Tag Archives: Niagara-on-the-Lake.

St. Mark’s Anglican Churchyard

In the centre of this picturesque and popular tourist town in Niagara-on-the-lake, Ontario, Canada, is St. Mark Anglican church founded in 1792. During The War of 1812, the church was used as a hospital by the British and as a barracks by the Americans. The Americans occupied the town in 1813, destroying Fort George and digging rifle pits in the cemetery surrounding St. Mark’s. The rifle pits can still be seen today.

The church is surrounded on three sides by a graveyard containing some very old stones. Not much character to the cemetery itself but many stones of interest.

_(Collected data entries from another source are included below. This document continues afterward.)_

(* Consider the two equations \[ \text{(A)}\quad \partial_{tt}u-\partial_{xx}u=(\partial_t u)^2, \qquad \text{(B)}\quad \partial_{tt}u-\partial_{xx}u=(\partial_t u)^2-(\partial_x u)^2 , \] for $u=u(t,x)$ real-valued, $x\in\mathbb{R}$. For $T>0$, $x_0\in\mathbb{R}$ let $\Gamma(T,x_0):=\{(t,x)\in[0,T)\times\mathbb{R}: |x-x_0|\le T-t\}$. \begin{enumerate} \item For any $T>0$ and $x_0\in\mathbb{R}$, neither (A) nor (B) admits a smooth exact self-similar blow-up solution in $\Gamma(T,x_0)$, i.e. there is no non-constant $U\in C^\infty([-1,1])$ such that $u(t,x)=U\big(\frac{x-x_0}{T-t}\big)$ solves (A), respectively (B), in $\Gamma(T,x_0)$. \item For all $T>0$ and $\kappa,x_0\in\mathbb{R}$, the functions \[ u_{\alpha,\beta,\kappa,T,x_0}(t,x)=-\alpha\log\Big(1-\frac{t}{T}\Big)+U_{\alpha,\beta}\Big(\frac{x-x_0}{T-t}\Big)+\kappa \] are smooth solutions, well defined in $\Gamma(T,x_0)$, which blow up at time $T$, where: for (A), $(\alpha,\beta)\in(0,1]\times\{0,\infty\}$ and \[ U_{\alpha,0}(y)=-\alpha\ln(1-\sqrt{1-\alpha}\,y),\qquad U_{\alpha,\infty}(y)=-\alpha\ln(1+\sqrt{1-\alpha}\,y); \] for (B), $(\alpha,\beta)\in\mathbb{Z}_+\times\mathbb{R}_+$ (with $\mathbb{R}_+=(0,\infty)$) and \[ U_{\alpha,\beta}(y)=-\log\big((1+y)^\alpha+\beta(1-y)^\alpha\big)+\log(1+\beta). \] This gives a five-parameter family $(\alpha,\beta,\kappa,T,x_0)$ of smooth generalized self-similar blow-up solutions with logarithmic growth. \end{enumerate}
   Context: A (exact) self-similar solution is one of the form $u(t,x)=U(y)$ with $y=\frac{x-x_0}{T-t}$; the backward light cone $|x-x_0|\le T-t$ corresponds to $|y|\le 1$. *)

theory Defs
  imports "HOL-Analysis.Analysis"
begin

definition pt :: "(real \<Rightarrow> real \<Rightarrow> real) \<Rightarrow> real \<Rightarrow> real \<Rightarrow> real" where
  "pt u t x = deriv (\<lambda>s. u s x) t"

definition px :: "(real \<Rightarrow> real \<Rightarrow> real) \<Rightarrow> real \<Rightarrow> real \<Rightarrow> real" where
  "px u t x = deriv (\<lambda>y. u t y) x"

fun Ck_on :: "nat \<Rightarrow> (real \<times> real) set \<Rightarrow> (real \<Rightarrow> real \<Rightarrow> real) \<Rightarrow> bool" where
  "Ck_on 0 S u = continuous_on S (\<lambda>(t, x). u t x)"
| "Ck_on (Suc k) S u =
     ((\<forall>z\<in>S. (\<lambda>(t, x). u t x) differentiable (at z)) \<and> Ck_on k S (pt u) \<and> Ck_on k S (px u))"

definition smooth2_on :: "(real \<times> real) set \<Rightarrow> (real \<Rightarrow> real \<Rightarrow> real) \<Rightarrow> bool" where
  "smooth2_on S u \<longleftrightarrow> (\<forall>k. Ck_on k S u)"

definition smooth_on_interval :: "real \<Rightarrow> real \<Rightarrow> (real \<Rightarrow> real) \<Rightarrow> bool" where
  "smooth_on_interval a b U \<longleftrightarrow>
     (\<exists>D :: nat \<Rightarrow> real \<Rightarrow> real. (\<forall>y\<in>{a..b}. D 0 y = U y) \<and>
        (\<forall>k. \<forall>y\<in>{a..b}. (D k has_real_derivative D (Suc k) y) (at y within {a..b})))"

definition solves_A :: "(real \<times> real) set \<Rightarrow> (real \<Rightarrow> real \<Rightarrow> real) \<Rightarrow> bool" where
  "solves_A S u \<longleftrightarrow> Ck_on 2 S u \<and>
     (\<forall>(t, x)\<in>S. pt (pt u) t x - px (px u) t x = (pt u t x)^2)"

definition solves_B :: "(real \<times> real) set \<Rightarrow> (real \<Rightarrow> real \<Rightarrow> real) \<Rightarrow> bool" where
  "solves_B S u \<longleftrightarrow> Ck_on 2 S u \<and>
     (\<forall>(t, x)\<in>S. pt (pt u) t x - px (px u) t x = (pt u t x)^2 - (px u t x)^2)"

definition Gamma :: "real \<Rightarrow> real \<Rightarrow> (real \<times> real) set" where
  "Gamma T x0 = {(t, x). 0 \<le> t \<and> t < T \<and> \<bar>x - x0\<bar> \<le> T - t}"

definition U_A0 :: "real \<Rightarrow> real \<Rightarrow> real" where
  "U_A0 \<alpha> y = - \<alpha> * ln (1 - sqrt (1 - \<alpha>) * y)"

definition U_Ainf :: "real \<Rightarrow> real \<Rightarrow> real" where
  "U_Ainf \<alpha> y = - \<alpha> * ln (1 + sqrt (1 - \<alpha>) * y)"

definition U_B :: "nat \<Rightarrow> real \<Rightarrow> real \<Rightarrow> real" where
  "U_B \<alpha> \<beta> y = - ln ((1 + y) ^ \<alpha> + \<beta> * (1 - y) ^ \<alpha>) + ln (1 + \<beta>)"

definition gss :: "real \<Rightarrow> (real \<Rightarrow> real) \<Rightarrow> real \<Rightarrow> real \<Rightarrow> real \<Rightarrow> real \<Rightarrow> real \<Rightarrow> real" where
  "gss \<alpha> U \<kappa> T x0 t x = - \<alpha> * ln (1 - t / T) + U ((x - x0) / (T - t)) + \<kappa>"

end

(*
  A self-similar u = U((x - x0)/(T - t)) turns both equations into a second-order ODE for
  the profile, (y^2 - 1) U'' + 2 y U' = y^2 U'^2 for (A) and = (y^2 - 1) U'^2 for (B).
  For V = (y^2 - 1) U' these are Riccati equations V' = - g V^2 whose coefficient g has a
  primitive G mapping (-1, 1) onto all of R.  Where V does not vanish, 1/V - G is constant;
  so if V(a) \<noteq> 0, at a point b with G(b) = G(a) - 1/V(a) the product V (G - G(b)) would
  have to jump from 1 to 0.  Hence U' = 0 and U is constant.

  The explicit solutions are verified by computation: for (A), u is - \<alpha> ln of a plane
  wave T - t - c (x - x0) up to a constant, with c^2 = 1 - \<alpha>; for (B), e^(-u) is a sum of
  the travelling waves (T - t \<plusminus> (x - x0))^\<alpha>, and (B) is the linear wave equation for e^(-u).
  Smoothness holds because these functions are built from the coordinates by ring
  operations and ln.
*)

theory Submission
  imports Defs "HOL-Real_Asymp.Real_Asymp"
begin

section \<open>Smooth functions of (t, x)\<close>

definition has_gradient_on ::
    "(real \<times> real) set \<Rightarrow> (real \<Rightarrow> real \<Rightarrow> real) \<Rightarrow> (real \<Rightarrow> real \<Rightarrow> real) \<Rightarrow> (real \<Rightarrow> real \<Rightarrow> real) \<Rightarrow> bool"
  where "has_gradient_on N f f1 f2 \<longleftrightarrow> (\<forall>z\<in>N. ((\<lambda>p. f (fst p) (snd p)) has_derivative
    (\<lambda>h. f1 (fst z) (snd z) * fst h + f2 (fst z) (snd z) * snd h)) (at z))"

lemma has_gradient_on_const: "has_gradient_on N (\<lambda>t x. c) (\<lambda>t x. 0) (\<lambda>t x. 0)"
  unfolding has_gradient_on_def by simp

lemma has_gradient_on_fst: "has_gradient_on N (\<lambda>t x. t) (\<lambda>t x. 1) (\<lambda>t x. 0)"
  unfolding has_gradient_on_def by (auto intro!: derivative_eq_intros)

lemma has_gradient_on_snd: "has_gradient_on N (\<lambda>t x. x) (\<lambda>t x. 0) (\<lambda>t x. 1)"
  unfolding has_gradient_on_def by (auto intro!: derivative_eq_intros)

lemma has_gradient_on_add:
  "has_gradient_on N f f1 f2 \<Longrightarrow> has_gradient_on N g g1 g2 \<Longrightarrow>
    has_gradient_on N (\<lambda>t x. f t x + g t x) (\<lambda>t x. f1 t x + g1 t x) (\<lambda>t x. f2 t x + g2 t x)"
  unfolding has_gradient_on_def by (auto intro!: derivative_eq_intros simp: algebra_simps)

lemma has_gradient_on_mult:
  "has_gradient_on N f f1 f2 \<Longrightarrow> has_gradient_on N g g1 g2 \<Longrightarrow>
    has_gradient_on N (\<lambda>t x. f t x * g t x)
      (\<lambda>t x. f t x * g1 t x + f1 t x * g t x) (\<lambda>t x. f t x * g2 t x + f2 t x * g t x)"
  unfolding has_gradient_on_def by (auto intro!: derivative_eq_intros simp: algebra_simps)

lemma has_gradient_on_comp:
  assumes g: "has_gradient_on N g g1 g2"
    and h: "\<And>z. z \<in> N \<Longrightarrow> (h has_real_derivative h' (g (fst z) (snd z))) (at (g (fst z) (snd z)))"
  shows "has_gradient_on N (\<lambda>t x. h (g t x)) (\<lambda>t x. h' (g t x) * g1 t x) (\<lambda>t x. h' (g t x) * g2 t x)"
  unfolding has_gradient_on_def
proof
  fix z assume "z \<in> N"
  from has_derivative_compose[OF g[unfolded has_gradient_on_def, rule_format, OF this]
      h[OF this, unfolded has_field_derivative_def]]
  show "((\<lambda>p. h (g (fst p) (snd p))) has_derivative
      (\<lambda>k. h' (g (fst z) (snd z)) * g1 (fst z) (snd z) * fst k +
           h' (g (fst z) (snd z)) * g2 (fst z) (snd z) * snd k)) (at z)"
    by (simp add: algebra_simps)
qed

lemma has_gradient_on_partials:
  assumes "has_gradient_on N f f1 f2" "(t, x) \<in> N"
  shows "pt f t x = f1 t x" "px f t x = f2 t x"
proof -
  have d: "((\<lambda>p. f (fst p) (snd p)) has_derivative (\<lambda>h. f1 t x * fst h + f2 t x * snd h)) (at (t, x))"
    using assms unfolding has_gradient_on_def by auto
  have "((\<lambda>s. (s, x)) has_derivative (\<lambda>h. (h, 0))) (at t)"
    by (auto intro!: derivative_eq_intros)
  from has_derivative_compose[OF this d]
  have "((\<lambda>s. f s x) has_real_derivative f1 t x) (at t)"
    by (simp add: has_field_derivative_def mult_commute_abs)
  then show "pt f t x = f1 t x"
    unfolding pt_def by (rule DERIV_imp_deriv)
  have "((\<lambda>y. (t, y)) has_derivative (\<lambda>h. (0, h))) (at x)"
    by (auto intro!: derivative_eq_intros)
  from has_derivative_compose[OF this d]
  have "((\<lambda>y. f t y) has_real_derivative f2 t x) (at x)"
    by (simp add: has_field_derivative_def mult_commute_abs)
  then show "px f t x = f2 t x"
    unfolding px_def by (rule DERIV_imp_deriv)
qed

lemma has_gradient_on_differentiable:
  assumes "has_gradient_on N f f1 f2" "z \<in> N"
  shows "(\<lambda>(t, x). f t x) differentiable (at z)"
  using assms unfolding has_gradient_on_def by (auto simp: differentiable_def case_prod_beta')

inductive smooth_term :: "(real \<times> real) set \<Rightarrow> (real \<Rightarrow> real \<Rightarrow> real) \<Rightarrow> bool" for N where
  smooth_term_const: "smooth_term N (\<lambda>t x. c)"
| smooth_term_fst: "smooth_term N (\<lambda>t x. t)"
| smooth_term_snd: "smooth_term N (\<lambda>t x. x)"
| smooth_term_add: "smooth_term N f \<Longrightarrow> smooth_term N g \<Longrightarrow> smooth_term N (\<lambda>t x. f t x + g t x)"
| smooth_term_mult: "smooth_term N f \<Longrightarrow> smooth_term N g \<Longrightarrow> smooth_term N (\<lambda>t x. f t x * g t x)"
| smooth_term_comp: "smooth_term N g \<Longrightarrow> (\<forall>z\<in>N. g (fst z) (snd z) \<in> S) \<Longrightarrow>
     (\<forall>k. \<forall>y\<in>S. (D k has_real_derivative D (Suc k) y) (at y)) \<Longrightarrow>
     smooth_term N (\<lambda>t x. D 0 (g t x))"

lemma smooth_term_has_gradient_on:
  assumes "smooth_term N f"
  shows "\<exists>f1 f2. smooth_term N f1 \<and> smooth_term N f2 \<and> has_gradient_on N f f1 f2"
  using assms
proof induction
  case (smooth_term_const c)
  show ?case
    by (intro exI[of _ "\<lambda>t x. 0"] conjI smooth_term.smooth_term_const has_gradient_on_const)
next
  case smooth_term_fst
  show ?case
    by (intro exI[of _ "\<lambda>t x. 1"] exI[of _ "\<lambda>t x. 0"] conjI smooth_term.smooth_term_const
        has_gradient_on_fst)
next
  case smooth_term_snd
  show ?case
    by (intro exI[of _ "\<lambda>t x. 0"] exI[of _ "\<lambda>t x. 1"] conjI smooth_term.smooth_term_const
        has_gradient_on_snd)
next
  case (smooth_term_add f g)
  then obtain f1 f2 g1 g2 where "smooth_term N f1" "smooth_term N f2" "has_gradient_on N f f1 f2"
    "smooth_term N g1" "smooth_term N g2" "has_gradient_on N g g1 g2"
    by blast
  then show ?case
    by (intro exI[of _ "\<lambda>t x. f1 t x + g1 t x"] exI[of _ "\<lambda>t x. f2 t x + g2 t x"] conjI
        smooth_term.smooth_term_add has_gradient_on_add)
next
  case (smooth_term_mult f g)
  then obtain f1 f2 g1 g2 where "smooth_term N f1" "smooth_term N f2" "has_gradient_on N f f1 f2"
    "smooth_term N g1" "smooth_term N g2" "has_gradient_on N g g1 g2"
    by blast
  with smooth_term_mult.hyps show ?case
    by (intro exI[of _ "\<lambda>t x. f t x * g1 t x + f1 t x * g t x"]
        exI[of _ "\<lambda>t x. f t x * g2 t x + f2 t x * g t x"] conjI
        smooth_term.smooth_term_add smooth_term.smooth_term_mult has_gradient_on_mult)
next
  case (smooth_term_comp g S D)
  then obtain g1 g2 where g: "smooth_term N g1" "smooth_term N g2" "has_gradient_on N g g1 g2"
    by blast
  have D1: "smooth_term N (\<lambda>t x. D 1 (g t x))"
    using smooth_term.smooth_term_comp[of N g S "\<lambda>k. D (Suc k)"] smooth_term_comp.hyps by auto
  have "has_gradient_on N (\<lambda>t x. D 0 (g t x))
      (\<lambda>t x. D 1 (g t x) * g1 t x) (\<lambda>t x. D 1 (g t x) * g2 t x)"
    using smooth_term_comp.hyps by (intro has_gradient_on_comp[OF g(3)]) auto
  with D1 g show ?case
    by (intro exI[of _ "\<lambda>t x. D 1 (g t x) * g1 t x"] exI[of _ "\<lambda>t x. D 1 (g t x) * g2 t x"] conjI
        smooth_term.smooth_term_mult)
qed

This grave never to be disturbed


The blessed communion fellowship divine
We feebly struggle
They in glory shine
Yet all are in thee
For all are thine
Alleluia.  1866


In the silent tomb we leave them
Till the resurrection morn
When our Saviour will receive them
And restore their lovely form
Requiescant in Pace.  1855


Friends nor physicians could not save
This mortal body from the grave
Nor can the grave confine him here
And Christ shall bid them to appear.  1865


A stranger to hypocrisy
And ready to reveal his mind
A warmer heart, more open hand
Or noble spirit, few will find.


The pains of death are passed
Labour and sorrow cease
And life’s long warfare closed at last
His soul is found in peace. 1885


The trial is ended, thy rest is won.



They were loving and pleasant in their lives and in death not long divided.

July 11th, 1874 started out as a sunny day with a moderate wind on Lake Ontario, Canada.These ideal conditions for sailing prompted Robert Henderson and Charles Anderson to launch their thirty foot centreboard sloop named “Foam” from the mooring at the Royal Canadian Yacht Club in Toronto. The Andersons with five friends (all from prominent Toronto families) headed towards their destination in Niagara-on-the-Lake where they intended to party at the Queen’s Royal Hotel.

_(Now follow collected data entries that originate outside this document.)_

(* There is an absolute constant $\alpha>0$ such that the following holds. Let $n\ge 2$, $c\ge 1$, $0<\Delta\le c^2$, and let $W=(\vec v_i)_{i\in I}$ be a family of $|I|\le n$ vectors in $\mathbb{R}^D$ such that every vertex has expected degree at most $c$ in $G\sim\mathcal{G}_W$. Suppose there is $L>0$ with $L\ge \sqrt{\Delta}/(4c)$ such that $\|\vec v_i\|_2<2L$ for all $i\in I$ and at least $(\Delta/60c^2)(n/\lg n)$ indices $i\in I$ satisfy $\|\vec v_i\|_2\ge L$. Then the matrix whose columns are the $\vec v_i$ has rank at least $\alpha\,(\Delta^4/c^9)\, n/\lg^2 n$.
   Context: For a finite family of vectors $W=(\vec w_i)_{i\in I}$ in $\mathbb{R}^D$, $\mathcal{G}_W$ is the distribution on simple undirected graphs with vertex set $I$ in which, independently for each unordered pair $\{i,j\}$ with $i\neq j$, the edge $(i,j)$ is present with probability $\max(0,\min(\vec w_i\cdot\vec w_j,1))$. The expected degree of $i$ is $\sum_{j\ne i}\max(0,\min(\vec w_i\cdot\vec w_j,1))$. $\lg$ is the base-2 logarithm. *)

theory Defs
  imports "Jordan_Normal_Form.DL_Rank"
begin

definition edge_prob :: "real vec \<Rightarrow> real vec \<Rightarrow> real" where
  "edge_prob v w = max 0 (min (v \<bullet> w) 1)"

text \<open>The family W is a list ws, indexed by I = {0..<length ws}.
  Expected degree of vertex i in G ~ G_W.\<close>
definition expected_degree :: "real vec list \<Rightarrow> nat \<Rightarrow> real" where
  "expected_degree ws i = (\<Sum>j\<in>{0..<length ws} - {i}. edge_prob (ws ! i) (ws ! j))"

definition vnorm :: "real vec \<Rightarrow> real" where
  "vnorm v = sqrt (v \<bullet> v)"

end

theory Submission
  imports Defs "Jordan_Normal_Form.Gram_Schmidt"
begin

text \<open>
  Let \<open>G\<close> be the Gram matrix of the heavy vectors, indexed by \<open>H\<close> with \<open>|H| = m\<close>, and let
  \<open>r\<close> be the rank of the whole family. Expanding in an orthogonal basis of the span writes
  \<open>G\<^sub>i\<^sub>j = \<Sum>\<^sub>k\<^sub><\<^sub>r a\<^sub>i\<^sub>k a\<^sub>j\<^sub>k\<close>, and Cauchy-Schwarz over the \<open>r\<close> coordinates gives
  \<open>(tr G)\<^sup>2 \<le> r \<parallel>G\<parallel>\<^sub>F\<^sup>2\<close>. The trace is at least \<open>L\<^sup>2 m\<close>. All entries are bounded by
  \<open>M = 4L\<^sup>2\<close>, so a positive entry is at most \<open>max 1 M\<close> times its truncated edge probability and the
  positive off-diagonal entries of a row sum to at most \<open>max 1 M \<cdot> c\<close>; as the sum of all entries of
  \<open>G\<close> is nonnegative, the negative entries are paid for by the positive ones and the trace. Hence
  \<open>\<parallel>G\<parallel>\<^sub>F\<^sup>2 \<le> 2Mm(M + max 1 M \<cdot> c)\<close>, which yields \<open>r \<ge> \<Delta> m / (256 c\<^sup>3)\<close>; the assumed lower
  bound on \<open>m\<close> finishes the proof.
\<close>

lemma (in cof_vec_space) orthogonal_basis_of_span_exists:
  fixes ws :: "'a vec list"
  assumes W: "set ws \<subseteq> carrier_vec n"
  shows "\<exists>us. set us \<subseteq> carrier_vec n \<and> distinct us \<and> corthogonal us \<and>
     length us = rank (mat_of_cols n ws) \<and> set ws \<subseteq> span (set us)"
proof -
  obtain S where S: "maximal S (\<lambda>T. T \<subseteq> set ws \<and> lin_indpt T)"
    using maximal_exists[of "\<lambda>T. T \<subseteq> set ws \<and> lin_indpt T" "card (set ws)" "{}"]
    by (meson List.finite_set card_mono empty_iff empty_subsetI finite_lin_indpt2 rev_finite_subset)
  have Sws: "S \<subseteq> set ws" and Sli: "lin_indpt S" using S by (auto simp: maximal_def)
  have SC: "S \<subseteq> carrier_vec n" using Sws W by auto
  have rank: "rank (mat_of_cols n ws) = card S"
    using rank_card_indpt[OF mat_of_cols_carrier(1)] S cols_mat_of_cols[OF W] by simp
  have spanS: "set ws \<subseteq> span S"
  proof
    fix s assume s: "s \<in> set ws"
    show "s \<in> span S"
    proof (rule ccontr)
      assume ns: "s \<notin> span S"
      have sC: "s \<in> carrier_vec n" using s W by auto
      have "s \<notin> S" using ns SC span_mem by auto
      have "lin_indpt (insert s S)"
        using lindep_span ns Sli SC sC lin_dep_iff_in_span by (metis \<open>s \<notin> S\<close> insert_is_Un sup_commute)
      then show False using S s Sws \<open>s \<notin> S\<close> unfolding maximal_def by blast
    qed
  qed
  obtain xs where xs: "set xs = S" "distinct xs"
    using finite_distinct_list[OF finite_subset[OF Sws]] by blast
  define us where "us = gram_schmidt n xs"
  have "span (set xs) = span (set us)" "corthogonal us" "set us \<subseteq> carrier_vec n"
     "length us = length xs" "distinct us"
    using gram_schmidt_result[of xs us] xs SC Sli us_def by auto
  with xs spanS rank distinct_card[OF xs(2)] show ?thesis by auto
qed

A sudden storm with heavy winds directed the yacht to a point where the strong current of the Niagara river merged with lake waters. The sudden turbulence caused a rogue wave to engulf the cabin and cockpit, immediately sinking the Foam, and pulling her down to a watery grave. Search and rescue vessels which were launched the following morning eventually discovered the vessel with five of the young men lying in their bunks.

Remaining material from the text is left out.